What is being asked:
A word-for-word restatement of all the records is the required answer.

* * * * *

lemma bump_field_theta_invariant:
  assumes "\<And>t \<theta> x. \<rho> (\<theta> + t, x) = \<rho> (\<theta>, x)"
  shows "bump_field \<rho> (\<theta> + t, x) = bump_field \<rho> (\<theta>, x)"
  by (simp add: bump_field_def u_coeff_def w_coeff_def others_def inner_Pair_0 assms)

lemma bump_field_differentiable:
  assumes "smooth_fun \<rho>" "\<And>p. \<rho> p \<noteq> 0"
  shows "bump_field \<rho> differentiable (at p)"
proof -
  have "f differentiable (at p)" if "\<And>n. Cn n f" for f :: "real \<times> (real^'k) \<Rightarrow> real"
    using Cn_Suc_has_derivative[OF that] unfolding differentiable_def by blast
  then have "\<rho> differentiable (at p)" "u_coeff differentiable (at p)" "w_coeff differentiable (at p)"
    using assms(1) Cn_u_coeff Cn_w_coeff unfolding smooth_fun_def by blast+
  then show ?thesis
    unfolding bump_field_def[abs_def] using assms(2)
    by (intro differentiable_scaleR differentiable_inverse differentiable_diff differentiable_const)
qed

lemma others_partial_eq_0:
  assumes "c \<in> {u, w}"
  shows "frechet_derivative others (at p) (0, c) = 0"
proof (rule has_derivative_eq_0_if_translation_invariant[OF Cn_Suc_has_derivative[OF Cn_others]])
  show "others (p + t *\<^sub>R (0, c)) = others p" for t
    unfolding others_def using assms u_Basis w_Basis
    by (intro prod.cong) (auto simp: inner_add_left inner_Basis)
qed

* * * * *

Final answer:
lemma bump_field_theta_invariant:
  assumes "\<And>t \<theta> x. \<rho> (\<theta> + t, x) = \<rho> (\<theta>, x)"
  shows "bump_field \<rho> (\<theta> + t, x) = bump_field \<rho> (\<theta>, x)"
  by (simp add: bump_field_def u_coeff_def w_coeff_def others_def inner_Pair_0 assms)

lemma bump_field_differentiable:
  assumes "smooth_fun \<rho>" "\<And>p. \<rho> p \<noteq> 0"
  shows "bump_field \<rho> differentiable (at p)"
proof -
  have "f differentiable (at p)" if "\<And>n. Cn n f" for f :: "real \<times> (real^'k) \<Rightarrow> real"
    using Cn_Suc_has_derivative[OF that] unfolding differentiable_def by blast
  then have "\<rho> differentiable (at p)" "u_coeff differentiable (at p)" "w_coeff differentiable (at p)"
    using assms(1) Cn_u_coeff Cn_w_coeff unfolding smooth_fun_def by blast+
  then show ?thesis
    unfolding bump_field_def[abs_def] using assms(2)
    by (intro differentiable_scaleR differentiable_inverse differentiable_diff differentiable_const)
qed

lemma others_partial_eq_0:
  assumes "c \<in> {u, w}"
  shows "frechet_derivative others (at p) (0, c) = 0"
proof (rule has_derivative_eq_0_if_translation_invariant[OF Cn_Suc_has_derivative[OF Cn_others]])
  show "others (p + t *\<^sub>R (0, c)) = others p" for t
    unfolding others_def using assms u_Basis w_Basis
    by (intro prod.cong) (auto simp: inner_add_left inner_Basis)
qed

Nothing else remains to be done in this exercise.